• [Work required]: Search the records for the string "finally", then copy each line where it appears.
== Information provided
lemma dual_prob_frames_fst:
  assumes "bessel W \<mu> B\<mu>" "bessel V \<nu> B\<nu>" "0 < B\<nu>"
  shows "dual_prob_frames W \<mu> (distr \<nu> borel (orth_proj W))"
proof -
  let ?\<gamma>' = "distr \<gamma> (borel \<Otimes>\<^sub>M borel) (\<lambda>p. (fst p, orth_proj W (snd p)))"
  have "distr \<mu> borel (\<lambda>x. x) = \<mu>" by (rule distr_id2) (simp add: P2_sets[OF P2_fst])
  then have coupling': "coupling ?\<gamma>' \<mu> (distr \<nu> borel (orth_proj W))"
    using coupling_distr_map_prod[OF coupling measurable_ident_sets[OF refl]
        borel_measurable_linear[OF linear_orth_proj[OF subspace_fst]]] by simp
  interpret pushed: second_moment_coupling W W \<mu> "distr \<nu> borel (orth_proj W)" ?\<gamma>'
    using P2_fst P2_distr_orth_proj[OF subspace_fst P2_snd] coupling' by unfold_locales
  have "cross_covariance ?\<gamma>' = cross_covariance \<gamma> ** matrix (orth_proj W)"
    using cross_covariance_distr_map[OF linear_ident linear_orth_proj[OF subspace_fst]
        pushed.integrable_outer]
    by (simp add: matrix_id_mat_1[unfolded id_def] transpose_matrix_orth_proj[OF subspace_fst])
  also have "\<dots> = matrix (oblique_proj W (orthogonal_comp V) \<circ> orth_proj W)"
    by (simp add: cross_covariance_eq matrix_compose linear_orth_proj[OF subspace_fst]
        linear_oblique_proj[OF direct_sum])
  also have "oblique_proj W (orthogonal_comp V) \<circ> orth_proj W = orth_proj W"
    by (simp add: fun_eq_iff oblique_proj_fixes[OF direct_sum] orth_proj_in[OF subspace_fst])
  finally have "cross_covariance ?\<gamma>' = matrix (orth_proj W)" .
  with coupling' show ?thesis
    using ex_prob_frame_fst[OF assms] P2_distr_orth_proj[OF subspace_fst P2_snd]
    unfolding dual_prob_frames_def cross_covariance_def P2_def by blast
qed

lemma dual_prob_frames_snd:
  assumes "bessel W \<mu> B\<mu>" "0 \<le> B\<mu>" "bessel V \<nu> B\<nu>" "0 < B\<nu>"
  shows "dual_prob_frames V (distr \<mu> borel (orth_proj V)) \<nu>"
proof -
  let ?\<gamma>' = "distr \<gamma> (borel \<Otimes>\<^sub>M borel) (\<lambda>p. (orth_proj V (fst p), snd p))"
  have "distr \<nu> borel (\<lambda>x. x) = \<nu>" by (rule distr_id2) (simp add: P2_sets[OF P2_snd])
  then have coupling': "coupling ?\<gamma>' (distr \<mu> borel (orth_proj V)) \<nu>"
    using coupling_distr_map_prod[OF coupling
        borel_measurable_linear[OF linear_orth_proj[OF subspace_snd]] measurable_ident_sets[OF refl]]
    by simp
  interpret pushed: second_moment_coupling V V "distr \<mu> borel (orth_proj V)" \<nu> ?\<gamma>'
    using P2_distr_orth_proj[OF subspace_snd P2_fst] P2_snd coupling' by unfold_locales
  have "cross_covariance ?\<gamma>' = matrix (orth_proj V) ** cross_covariance \<gamma>"
    using cross_covariance_distr_map[OF linear_orth_proj[OF subspace_snd] linear_ident
        pushed.integrable_outer]
    by (simp add: matrix_id_mat_1[unfolded id_def])
  also have "\<dots> = matrix (orth_proj V \<circ> oblique_proj W (orthogonal_comp V))"
    by (simp add: cross_covariance_eq matrix_compose linear_orth_proj[OF subspace_snd]
        linear_oblique_proj[OF direct_sum])
  also have "orth_proj V \<circ> oblique_proj W (orthogonal_comp V) = orth_proj V"
    by (simp add: fun_eq_iff orth_proj_oblique_proj[OF subspace_snd direct_sum])
  finally have "cross_covariance ?\<gamma>' = matrix (orth_proj V)" .
  with coupling' show ?thesis
    using ex_prob_frame_distr_fst[OF assms] P2_snd
    unfolding dual_prob_frames_def cross_covariance_def P2_def by blast
qed
theorem mainTheorem14:
  fixes p M N d :: nat
  assumes "prime p" and "M > 1" and "coprime M p"
    and "N > 1" and "coprime N (p * M)"
    and "d < M" and "coprime d M"
  shows "padic_prod p
           (\<lambda>j. padic_prod p
              (\<lambda>k. padic_angle p (padic_gamma p
                 (padic_frac p (int ((p ^ j * d) mod M + k * M)) (int (M * N))))) {0..<N})
           {0..<ord M p}
       = padic_prod p
           (\<lambda>j. padic_angle p (padic_gamma p
              (padic_frac p (int ((p ^ j * d) mod M)) (int M))))
           {0..<ord M p}"
proof (rule ext)
  fix k
  have "[(\<Prod>j\<in>{0..<ord M p}. \<Prod>i\<in>{0..<N}. padic_angle p (padic_gamma p
            (padic_frac p (int ((p ^ j * d) mod M + i * M)) (int (M * N)))) k)
       = (\<Prod>j\<in>{0..<ord M p}. padic_angle p (padic_gamma p
            (padic_frac p (int ((p ^ j * d) mod M)) (int M))) k)] (mod int p ^ k)"
  proof (cases "k = 0")
    case False
    moreover have "coprime N p"
      using assms(5) by simp
    ultimately show ?thesis
      using orbit_padic_angle_cong[OF assms(1-3), of N k d] by simp
  qed (simp add: cong_def)
  then show "padic_prod p (\<lambda>j. padic_prod p (\<lambda>k. padic_angle p (padic_gamma p
                 (padic_frac p (int ((p ^ j * d) mod M + k * M)) (int (M * N))))) {0..<N}) {0..<ord M p} k
       = padic_prod p (\<lambda>j. padic_angle p (padic_gamma p
              (padic_frac p (int ((p ^ j * d) mod M)) (int M)))) {0..<ord M p} k"
    unfolding padic_prod_padic_prod by (simp add: padic_prod_def cong_def)
qed

end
====
• [Response area]:
  finally have "cross_covariance ?\<gamma>' = matrix (orth_proj W)" .
  finally have "cross_covariance ?\<gamma>' = matrix (orth_proj V)" .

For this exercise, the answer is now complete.